READ Elle Hunt on ‘Look Up’, “the spoken word film for an online generation” – and living life online.

As tempting as it was to not talk to anyone else for a feature on talking to yourself, I tracked down Michelle*, a Tumblr user who posts around 20 times a day, mixing an almost stream-of-consciousness account of her thoughts and feelings in with Tumblr’s standard gifs and male models. (Somewhat ironically, she asked to be included under a pseudonym.)

While it feels intimate, both to her and to readers, Michelle is not shouting into an abyss. “As I got more open on there, more people started to follow me,” she says. She generally doesn’t think about her audience while writing a post, or even while posting it, but often reads over things after posting them and changes her mind. Thank god for the edit button, right?

Tumblr is great for talking to yourself in public. Part of this is just the ease of posting half-formed thoughts (proper sentence structure is not only optional on Tumblr; it’s almost discouraged), but part of it stems from careful misuse of the ‘tag’ form. Text written in the tag form will display in a less ostentatious grey text below the main body of a Tumblr text post, and needs to be scrolled through to be read properly.

A screenshot showing how Tumblr tags work

How Tumblr tags work Photo: Unknown

“The tags are where the honesty is,” explains Michelle, who often questions whatever she just wrote and her reasons for writing it in the tags below a text post: “It’s kind of like an action and reaction”. This constant questioning of things one just thought simulates the loops we put out brains through perfectly, allowing one to state something and its opposite simultaneously.

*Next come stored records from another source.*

(* Let $M$ be an infinite subset of $\mathbb{N}$ and let $k,l\in\mathbb{N}$. For every finite partition $\mathrm{Plm}_l([M]^k)=\bigcup_{j=1}^p P_j$ there exist an infinite $L\subseteq M$ and $1\le j_0\le p$ such that $\mathrm{Plm}_l([L]^k)\subseteq P_{j_0}$.
   Context: For $M\subseteq\mathbb{N}$ infinite and $k\in\mathbb{N}$, $[M]^k$ is the set of $k$-element subsets of $M$; an element $s\in[M]^k$ is identified with its increasing enumeration $s(1)<\dots<s(k)$. A finite sequence $(s_j)_{j=1}^l$ in $[M]^k$ is a plegma family if (i) for every $1\le i\le k$, $s_1(i)<s_2(i)<\dots<s_l(i)$, and (ii) for every $1\le i<k$, $s_l(i)<s_1(i+1)$. $\mathrm{Plm}_l([M]^k)$ denotes the set of all plegma families of length $l$ in $[M]^k$. *)

theory Defs
  imports Main
begin

definition kSubsets :: "nat set \<Rightarrow> nat \<Rightarrow> nat set set" where
  "kSubsets M k = {s. s \<subseteq> M \<and> finite s \<and> card s = k}"

text \<open>s(i): the i-th element (1-indexed) of the increasing enumeration of a finite set s.\<close>
definition elem :: "nat set \<Rightarrow> nat \<Rightarrow> nat" where
  "elem s i = sorted_list_of_set s ! (i - 1)"

text \<open>A finite sequence s_1,...,s_l (list, s_j = ss ! (j-1)) of k-sets is plegma.\<close>
definition is_plegma :: "nat \<Rightarrow> nat set list \<Rightarrow> bool" where
  "is_plegma k ss \<longleftrightarrow>
     (\<forall>i\<in>{1..k}. \<forall>j. Suc j < length ss \<longrightarrow> elem (ss ! j) i < elem (ss ! Suc j) i) \<and>
     (ss \<noteq> [] \<longrightarrow> (\<forall>i. 1 \<le> i \<and> i < k \<longrightarrow> elem (last ss) i < elem (hd ss) (Suc i)))"

definition Plm :: "nat \<Rightarrow> nat set \<Rightarrow> nat \<Rightarrow> nat set list set" where
  "Plm l M k = {ss. length ss = l \<and> set ss \<subseteq> kSubsets M k \<and> is_plegma k ss}"

end

theory Submission
  imports Defs "HOL-Library.Ramsey"
begin
lemma trajectory_slope_infdist_le:
  assumes \<eta>: "trajectory T \<eta>" and "0 \<le> a" "a < b" "b \<le> T"
    and osc: "\<And>r. r \<in> {a..b} \<Longrightarrow> norm (\<eta> r - \<eta> a) \<le> \<omega>"
  shows "infdist ((1 / (b - a)) *\<^sub>R (\<eta> b - \<eta> a)) (G (\<eta> a)) \<le> L * \<omega>"
proof -
  define C where "C = (\<Union>g\<in>G (\<eta> a). \<Union>w\<in>cball 0 (L * \<omega>). {g + w})"
  have "convex C" unfolding C_def by (rule convex_sums[OF G_convex convex_cball])
  have "closed C" unfolding C_def by (rule compact_imp_closed[OF compact_sums'[OF G_compact compact_cball]])
  obtain N where "negligible N" and N: "\<And>t. t \<in> {a..b} - N \<Longrightarrow>
      \<exists>v. (\<eta> has_vector_derivative v) (at t within {a..b}) \<and> v \<in> G (\<eta> t)"
    using trajectory_solves_ae[OF \<eta> \<open>0 \<le> a\<close> \<open>b \<le> T\<close>] unfolding solves_ae_def by blast
  have "\<exists>v. (\<eta> has_vector_derivative v) (at t within {a..b}) \<and> v \<in> C" if t: "t \<in> {a..b} - N" for t
  proof -
    obtain v where v: "(\<eta> has_vector_derivative v) (at t within {a..b})" "v \<in> G (\<eta> t)"
      using N[OF t] by blast
    obtain g where "g \<in> G (\<eta> a)" "dist v g \<le> L * dist (\<eta> t) (\<eta> a)"
      using exists_close_point[OF v(2)] by blast
    moreover have "L * dist (\<eta> t) (\<eta> a) \<le> L * \<omega>"
      using osc[of t] t L_pos by (simp add: dist_norm)
    ultimately have "v \<in> C"
      unfolding C_def by (intro UN_I[of g] UN_I[of "v - g"]) (auto simp: dist_norm norm_minus_commute)
    then show ?thesis using v(1) by blast
  qed
  then have "(1 / (b - a)) *\<^sub>R (\<eta> b - \<eta> a) \<in> C"
    using abs_cont_on_slope_mem[OF trajectory_abs_cont_on[OF \<eta> \<open>0 \<le> a\<close> \<open>b \<le> T\<close>]
        \<open>a < b\<close> \<open>negligible N\<close> \<open>convex C\<close> \<open>closed C\<close>] by blast
  then obtain g w where "g \<in> G (\<eta> a)" "norm w \<le> L * \<omega>" "(1 / (b - a)) *\<^sub>R (\<eta> b - \<eta> a) = g + w"
    unfolding C_def by auto
  then show ?thesis
    using infdist_le[of g "G (\<eta> a)" "(1 / (b - a)) *\<^sub>R (\<eta> b - \<eta> a)"] by (simp add: dist_norm)
qed

lemma filippov_step:
  assumes \<eta>: "trajectory T \<eta>" and "0 \<le> a" "a < b" "b \<le> T" "L * (b - a) \<le> 1/2"
    and osc: "\<And>r. r \<in> {a..b} \<Longrightarrow> norm (\<eta> r - \<eta> a) \<le> \<omega>"
    and \<zeta>: "lipschitz_trajectory b T \<zeta>"
  obtains \<zeta>' where "lipschitz_trajectory a T \<zeta>'" "\<zeta>' T = \<zeta> T"
    "norm (\<zeta>' a - \<eta> a) \<le> (1 + 2 * L * (b - a)) * norm (\<zeta> b - \<eta> b) + 4 * L * (b - a) * \<omega>"
proof -
  define u where "u = (1 / (b - a)) *\<^sub>R (\<eta> b - \<eta> a)"
  have \<eta>a: "\<eta> b - (b - a) *\<^sub>R u = \<eta> a" using \<open>a < b\<close> by (simp add: u_def)
  have "infdist u (G (\<eta> b - (b - t) *\<^sub>R u)) \<le> 2 * L * \<omega>" if "t \<in> {a..b}" for t
  proof -
    have "(b - t) * (1 / (b - a)) = 1 - (t - a) / (b - a)"
      using \<open>a < b\<close> by (simp add: field_simps)
    then have "\<eta> b - (b - t) *\<^sub>R u - \<eta> a = ((t - a) / (b - a)) *\<^sub>R (\<eta> b - \<eta> a)"
      unfolding u_def scaleR_scaleR by (simp add: scaleR_diff_left)
    then have "norm (\<eta> b - (b - t) *\<^sub>R u - \<eta> a) = \<bar>(t - a) / (b - a)\<bar> * norm (\<eta> b - \<eta> a)"
      by simp
    also have "\<dots> \<le> 1 * \<omega>"
      using osc[of b] that \<open>a < b\<close> by (intro mult_mono) auto
    finally have "norm (\<eta> b - (b - t) *\<^sub>R u - \<eta> a) \<le> \<omega>" by simp
    then have "L * dist (\<eta> a) (\<eta> b - (b - t) *\<^sub>R u) \<le> L * \<omega>"
      using L_pos by (simp add: dist_norm norm_minus_commute)
    then show ?thesis
      using infdist_le_infdist_plus[of u "\<eta> b - (b - t) *\<^sub>R u" "\<eta> a"]
        trajectory_slope_infdist_le[OF assms(1-4) osc] by (simp add: u_def)
  qed
  from local_filippov[OF \<open>a < b\<close> \<open>L * (b - a) \<le> 1/2\<close> this]
  obtain W where W: "continuous_on {a..b} W" "\<And>t. t \<in> {a..b} \<Longrightarrow> W t \<in> G (backward_primitive b (\<zeta> b) W t)"
    and est: "norm (backward_primitive b (\<zeta> b) W a - \<eta> a)
       \<le> (1 + 2 * L * (b - a)) * norm (\<zeta> b - \<eta> b) + 2 * (b - a) * (2 * L * \<omega>)"
    unfolding \<eta>a by blast
  define \<zeta>' where "\<zeta>' t = (if t \<le> b then backward_primitive b (\<zeta> b) W t else \<zeta> t)" for t
  have "lipschitz_trajectory a T \<zeta>'"
    unfolding \<zeta>'_def using \<open>a < b\<close> W \<zeta>
    by (intro lipschitz_trajectory_glue lipschitz_trajectory_backward_primitive) auto
  moreover have "\<zeta>' T = \<zeta> T" using \<open>b \<le> T\<close> by (auto simp: \<zeta>'_def)
  moreover have "\<zeta>' a = backward_primitive b (\<zeta> b) W a" using \<open>a < b\<close> by (simp add: \<zeta>'_def)
  ultimately show thesis using that est by (simp add: algebra_simps)
qed

lemma filippov_backward_iteration:
  assumes \<eta>: "trajectory T \<eta>" and "h > 0" "real m * h = T" "L * h \<le> 1/2"
    and osc: "\<And>r s. r \<in> {0..T} \<Longrightarrow> s \<in> {0..T} \<Longrightarrow> \<bar>r - s\<bar> \<le> h \<Longrightarrow> norm (\<eta> r - \<eta> s) \<le> \<omega>"
    and "k \<le> m"
  shows "\<exists>\<zeta>. lipschitz_trajectory (T - real k * h) T \<zeta> \<and> \<zeta> T = y \<and>
    norm (\<zeta> (T - real k * h) - \<eta> (T - real k * h))
      \<le> (1 + 2 * L * h) ^ k * (norm (y - \<eta> T) + 4 * real k * h * L * \<omega>)"
  using \<open>k \<le> m\<close>
proof (induction k)
  case 0
  show ?case using lipschitz_trajectory_const by auto
next
  case (Suc k)
  then obtain \<zeta> where \<zeta>: "lipschitz_trajectory (T - real k * h) T \<zeta>" "\<zeta> T = y"
    "norm (\<zeta> (T - real k * h) - \<eta> (T - real k * h))
      \<le> (1 + 2 * L * h) ^ k * (norm (y - \<eta> T) + 4 * real k * h * L * \<omega>)"
    by auto
  define a where "a = T - real (Suc k) * h"
  define b where "b = T - real k * h"
  have "b - a = h" by (simp add: a_def b_def algebra_simps)
  have "real (Suc k) * h \<le> real m * h" using Suc.prems \<open>h > 0\<close> by (intro mult_right_mono) auto
  then have "0 \<le> a" using \<open>real m * h = T\<close> by (simp add: a_def)
  have "b \<le> T" using \<open>h > 0\<close> by (simp add: b_def)
  have "\<omega> \<ge> 0" using osc[of b b] \<open>0 \<le> a\<close> \<open>b - a = h\<close> \<open>b \<le> T\<close> \<open>h > 0\<close> by auto
  have osc_a: "norm (\<eta> r - \<eta> a) \<le> \<omega>" if "r \<in> {a..b}" for r
    using osc[of r a] that \<open>0 \<le> a\<close> \<open>b - a = h\<close> \<open>b \<le> T\<close> by auto
  have "a < b" "L * (b - a) \<le> 1/2" using \<open>b - a = h\<close> \<open>h > 0\<close> \<open>L * h \<le> 1/2\<close> by auto
  from filippov_step[OF \<eta> \<open>0 \<le> a\<close> \<open>a < b\<close> \<open>b \<le> T\<close> \<open>L * (b - a) \<le> 1/2\<close> osc_a \<zeta>(1)[folded b_def]]
  obtain \<zeta>' where \<zeta>': "lipschitz_trajectory a T \<zeta>'" "\<zeta>' T = y"
    "norm (\<zeta>' a - \<eta> a) \<le> (1 + 2 * L * h) * norm (\<zeta> b - \<eta> b) + 4 * L * h * \<omega>"
    unfolding \<open>b - a = h\<close> \<zeta>(2) by blast
  have "1 \<le> (1 + 2 * L * h) ^ Suc k" using L_pos \<open>h > 0\<close> by (intro one_le_power) simp
  then have "4 * L * h * \<omega> \<le> (1 + 2 * L * h) ^ Suc k * (4 * L * h * \<omega>)"
    using mult_right_mono[of 1 "(1 + 2 * L * h) ^ Suc k" "4 * L * h * \<omega>"] L_pos \<open>h > 0\<close> \<open>\<omega> \<ge> 0\<close>
    by simp
  moreover have "(1 + 2 * L * h) * norm (\<zeta> b - \<eta> b)
      \<le> (1 + 2 * L * h) ^ Suc k * (norm (y - \<eta> T) + 4 * real k * h * L * \<omega>)"
    using mult_left_mono[OF \<zeta>(3), of "1 + 2 * L * h"] L_pos \<open>h > 0\<close> by (simp add: b_def)
  ultimately have "norm (\<zeta>' a - \<eta> a)
      \<le> (1 + 2 * L * h) ^ Suc k * (norm (y - \<eta> T) + 4 * real (Suc k) * h * L * \<omega>)"
    using \<zeta>'(3) by (simp add: algebra_simps)
  then show ?case using \<zeta>' by (auto simp: a_def)
qed
(* Let $n,k$ be integers with $1\leq k\leq n-1$. Let $a\in\mathbb{Z}^n$ and $\alpha\in\mathbb{Z}$ be such that $ax\geq\alpha$ is a facet defining inequality of $Q(C_n^k)$ which is neither (a positive multiple of) a boolean facet nor (a positive multiple of) the rank constraint. Put $a^0=\min\{a_i:i\in\mathbb{Z}_n\}$, $W=\{i\in\mathbb{Z}_n:a_i>a^0\}$ and $\overline W=\mathbb{Z}_n\setminus W$. Then 1. $|C^i\cap\overline W|\geq 2$ for every $i\in\mathbb{Z}_n$; 2. $a_i\leq 2a^0$ for every $i\in W$.
   Context: $\mathbb{Z}_n=\{0,\dots,n-1\}$ with addition modulo $n$; $[a,b)_n$ denotes the $\mathbb{Z}_n$-cyclic interval from $a$ (included) to $b$ (excluded). For $i\in\mathbb{Z}_n$, $C^i=[i,i+k)_n$, and $C_n^k$ is the $n\times n$ $0,1$ matrix whose $i$-th row is the incidence vector of $C^i$. A cover of $C_n^k$ is $x\in\{0,1\}^n$ with $C_n^kx\geq\mathbf 1$; $Q(C_n^k)$ is the convex hull of the covers. The boolean facets are $x_i\geq0$, $x_i\leq1$, $\sum_{j\in C^i}x_j\geq1$ ($i\in\mathbb{Z}_n$); the rank constraint is $\sum_{i\in\mathbb{Z}_n}x_i\geq\lceil n/k\rceil$. *)

theory Defs
  imports "HOL-Analysis.Analysis"
begin

text \<open>Coordinates of R^n are indexed by a finite type 'n with CARD('n) = n;
  a bijection idx : 'n -> {0..<n} identifies the index type with Z_n.\<close>

definition is_labelling :: "('n::finite \<Rightarrow> nat) \<Rightarrow> bool" where
  "is_labelling idx \<longleftrightarrow> bij_betw idx (UNIV::'n set) {..<CARD('n)}"
(* Let $G$ be a connected finite graph that is not a Gallai tree and let $\mathcal{L}$ be a degree-list assignment for $G$. Suppose that $g$ is a partial proper $\mathcal{L}$-coloring of $G$. Then $G$ has a proper $\mathcal{L}$-coloring $f$ such that $|f^{-1}(\alpha)|\geq |g^{-1}(\alpha)|$ for every $\alpha\in\bigcup_{x\in V(G)}\mathcal{L}(x)$.
   Context: A list assignment for $G$ assigns to each vertex $x$ a set $\mathcal{L}(x)$; it is a degree-list assignment if $|\mathcal{L}(x)|\geq\deg_G(x)$ for all $x$. A partial $\mathcal{L}$-coloring is a function $g$ with $\mathrm{dom}(g)\subseteq V(G)$ and $g(x)\in\mathcal{L}(x)$ for all $x\in\mathrm{dom}(g)$; an $\mathcal{L}$-coloring has domain $V(G)$; it is proper if adjacent vertices in its domain receive different colors. A cut-vertex of a connected graph $G$ is a vertex $x$ such that $G-x$ is disconnected; a block is a maximal subgraph without a cut-vertex. A connected graph is a Gallai tree if every block is a clique or an odd cycle. *)

theory Defs
  imports Main
begin

definition graph :: "'a set \<Rightarrow> 'a set set \<Rightarrow> bool" where
  "graph V E \<longleftrightarrow> finite V \<and> (\<forall>e\<in>E. card e = 2 \<and> e \<subseteq> V)"

definition degree :: "'a set \<Rightarrow> 'a set set \<Rightarrow> 'a \<Rightarrow> nat" where
  "degree V E x = card {y \<in> V. {x, y} \<in> E}"

definition connected_graph :: "'a set \<Rightarrow> 'a set set \<Rightarrow> bool" where
  "connected_graph V E \<longleftrightarrow> V \<noteq> {} \<and>
     (\<forall>x\<in>V. \<forall>y\<in>V. (x, y) \<in> {(u, v). u \<in> V \<and> v \<in> V \<and> {u, v} \<in> E}\<^sup>*)"

definition del_vertex_edges :: "'a set set \<Rightarrow> 'a \<Rightarrow> 'a set set" where
  "del_vertex_edges E x = {e \<in> E. x \<notin> e}"

text \<open>A cut-vertex of a connected graph: removing it disconnects the graph
  (the empty graph is not regarded as disconnected).\<close>
definition cut_vertex :: "'a set \<Rightarrow> 'a set set \<Rightarrow> 'a \<Rightarrow> bool" where
  "cut_vertex V E x \<longleftrightarrow> x \<in> V \<and> V - {x} \<noteq> {} \<and>
     \<not> connected_graph (V - {x}) (del_vertex_edges E x)"

definition subgraph :: "'a set \<Rightarrow> 'a set set \<Rightarrow> 'a set \<Rightarrow> 'a set set \<Rightarrow> bool" where
  "subgraph W F V E \<longleftrightarrow> W \<subseteq> V \<and> F \<subseteq> E \<and> (\<forall>e\<in>F. e \<subseteq> W)"

definition nonseparable :: "'a set \<Rightarrow> 'a set set \<Rightarrow> bool" where
  "nonseparable W F \<longleftrightarrow> connected_graph W F \<and> (\<forall>x. \<not> cut_vertex W F x)"

definition block :: "'a set \<Rightarrow> 'a set set \<Rightarrow> 'a set \<Rightarrow> 'a set set \<Rightarrow> bool" where
  "block V E W F \<longleftrightarrow> subgraph W F V E \<and> nonseparable W F \<and>
     (\<forall>W' F'. subgraph W' F' V E \<and> nonseparable W' F' \<and> W \<subseteq> W' \<and> F \<subseteq> F'
        \<longrightarrow> W' = W \<and> F' = F)"

definition is_clique :: "'a set \<Rightarrow> 'a set set \<Rightarrow> bool" where
  "is_clique W F \<longleftrightarrow> (\<forall>x\<in>W. \<forall>y\<in>W. x \<noteq> y \<longrightarrow> {x, y} \<in> F)"

definition is_odd_cycle :: "'a set \<Rightarrow> 'a set set \<Rightarrow> bool" where
  "is_odd_cycle W F \<longleftrightarrow> connected_graph W F \<and> card W \<ge> 3 \<and> odd (card W) \<and>
     (\<forall>x\<in>W. degree W F x = 2)"

definition gallai_tree :: "'a set \<Rightarrow> 'a set set \<Rightarrow> bool" where
  "gallai_tree V E \<longleftrightarrow> connected_graph V E \<and>
     (\<forall>W F. block V E W F \<longrightarrow> is_clique W F \<or> is_odd_cycle W F)"

definition degree_list_assignment :: "'a set \<Rightarrow> 'a set set \<Rightarrow> ('a \<Rightarrow> 'c set) \<Rightarrow> bool" where
  "degree_list_assignment V E L \<longleftrightarrow>
     (\<forall>x\<in>V. infinite (L x) \<or> degree V E x \<le> card (L x))"

definition proper_partial_L_coloring ::
  "'a set \<Rightarrow> 'a set set \<Rightarrow> ('a \<Rightarrow> 'c set) \<Rightarrow> ('a \<Rightarrow> 'c option) \<Rightarrow> bool" where
  "proper_partial_L_coloring V E L g \<longleftrightarrow> dom g \<subseteq> V \<and>
     (\<forall>x c. g x = Some c \<longrightarrow> c \<in> L x) \<and>
     (\<forall>x y. {x, y} \<in> E \<and> x \<in> dom g \<and> y \<in> dom g \<longrightarrow> g x \<noteq> g y)"

definition proper_L_coloring ::
  "'a set \<Rightarrow> 'a set set \<Rightarrow> ('a \<Rightarrow> 'c set) \<Rightarrow> ('a \<Rightarrow> 'c) \<Rightarrow> bool" where
  "proper_L_coloring V E L f \<longleftrightarrow> (\<forall>x\<in>V. f x \<in> L x) \<and>
     (\<forall>x y. {x, y} \<in> E \<and> x \<in> V \<and> y \<in> V \<longrightarrow> f x \<noteq> f y)"

end

theory Submission
  imports Defs
begin

text \<open>
  A block witnessing that G is not a Gallai tree is a nonseparable induced subgraph W that is
  neither a clique nor an odd cycle. The vertices outside W are coloured one at a time, always
  one whose deletion leaves G connected.
  A vertex v gets its precolour, or a colour of its list that is precoloured on at most one
  neighbour; deleting that colour from the neighbours' lists keeps a degree-list assignment, and
  the at most one precoloured vertex lost is made up for by v.

  This leaves the case that G itself is such a W and all its proper nonseparable induced
  subgraphs are cliques or odd cycles. If G had no colouring, then G - z could still be coloured
  for an uncoloured z, because a neighbour of z has slack there; moving the uncoloured hole along
  edges shows that all lists are equal and G is regular of degree k = |L|. For k = 2, counting the
  edges between the two colour classes shows that G is an odd cycle; for k \<ge> 3, splitting off a
  minimal ear from a maximal proper nonseparable subgraph exposes a vertex of degree at most 2.
\<close>

section \<open>Walks and connectivity\<close>

definition adj :: "'a set set \<Rightarrow> 'a set \<Rightarrow> ('a \<times> 'a) set" where
  "adj E X = {(u, v). u \<in> X \<and> v \<in> X \<and> {u, v} \<in> E}"

lemma connected_graph_iff:
  "connected_graph X E \<longleftrightarrow> X \<noteq> {} \<and> (\<forall>x\<in>X. \<forall>y\<in>X. (x, y) \<in> (adj E X)\<^sup>*)"
  unfolding connected_graph_def adj_def ..

lemma adjI: "u \<in> X \<Longrightarrow> v \<in> X \<Longrightarrow> {u, v} \<in> E \<Longrightarrow> (u, v) \<in> adj E X"
  unfolding adj_def by simp

lemma adjD: "(u, v) \<in> adj E X \<Longrightarrow> u \<in> X \<and> v \<in> X \<and> {u, v} \<in> E"
  unfolding adj_def by simp

lemma converse_adj [simp]: "(adj E X)\<inverse> = adj E X"
  unfolding adj_def by (auto simp: insert_commute)

lemma rtrancl_adj_sym: "(u, v) \<in> (adj E X)\<^sup>* \<Longrightarrow> (v, u) \<in> (adj E X)\<^sup>*"
  using rtrancl_converseI[of u v "adj E X"] by simp

lemma rtrancl_adj_mono: "X \<subseteq> Y \<Longrightarrow> (u, v) \<in> (adj E X)\<^sup>* \<Longrightarrow> (u, v) \<in> (adj E Y)\<^sup>*"
  using rtrancl_mono[of "adj E X" "adj E Y"] unfolding adj_def by blast

lemma rtrancl_adj_closed: "(y, q) \<in> (adj E S)\<^sup>* \<Longrightarrow> y \<in> S \<Longrightarrow> q \<in> S"
  by (induction rule: rtrancl_induct) (auto dest: adjD)

lemma connected_graphI:
  assumes "r \<in> X" and "\<And>y. y \<in> X \<Longrightarrow> (r, y) \<in> (adj E X)\<^sup>*"
  shows "connected_graph X E"
  unfolding connected_graph_iff
  using assms by (blast intro: rtrancl_trans rtrancl_adj_sym)

lemma connected_graphD:
  "connected_graph X E \<Longrightarrow> x \<in> X \<Longrightarrow> y \<in> X \<Longrightarrow> (x, y) \<in> (adj E X)\<^sup>*"
  unfolding connected_graph_iff by blast

lemma connected_graph_singleton: "connected_graph {x} E"
  unfolding connected_graph_iff by simp

lemma connected_graph_Un:
  assumes "connected_graph A E" "connected_graph B E" "a \<in> A" "b \<in> B" "{a, b} \<in> E"
  shows "connected_graph (A \<union> B) E"
proof (rule connected_graphI)
  show "a \<in> A \<union> B" using assms(3) by simp
  have ab: "(a, b) \<in> adj E (A \<union> B)" using assms(3-5) by (simp add: adjI)
  fix y assume "y \<in> A \<union> B"
  then show "(a, y) \<in> (adj E (A \<union> B))\<^sup>*"
  proof
    assume "y \<in> A"
    then show ?thesis using connected_graphD[OF assms(1,3)] rtrancl_adj_mono[of A "A \<union> B"] by blast
  next
    assume "y \<in> B"
    then have "(b, y) \<in> (adj E (A \<union> B))\<^sup>*"
      using connected_graphD[OF assms(2,4)] rtrancl_adj_mono[of B "A \<union> B"] by blast
    with ab show ?thesis by (rule converse_rtrancl_into_rtrancl)
  qed
qed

Not all of Michelle’s private thoughts actually make it into a Tumblr post – it’s not quite that instinctual. She does compulsively type things out that she knows she will never post, “so I can process it and have that for myself, then just trash it”.

This resonates with those of us who’ve drafted emails we’ve had no intention of sending, who were angry when it turned out Facebook was tracking status updates we wrote out but never posted – and even though Google searches are admissible in court, we’ve all searched for some things we’re not proud of. Is there any real difference between me typing “f**k f**k f**k f**k f**k” out and actually saying it aloud?

An aerial shot of Henry Cooke

Henry Cooke Photo: Diego Opatowski / The Wireless

No, but that’s missing the point. Talking to yourself is useful, not just for revving yourself up or verbalising a difficult problem, but for actually knowing yourself. The part of me that wants me to remember everything bad I have ever done is probably making me a more conscientious person, even if I think he’s a bit of a dick. The part of you which idly types out the name of someone you know whenever you are on Facebook might know more about your heart than your regular brain does. You contain multitudes, multitudes which will inevitably disagree with each other. Your personality is not a continuous whole. The tags are as important as the post.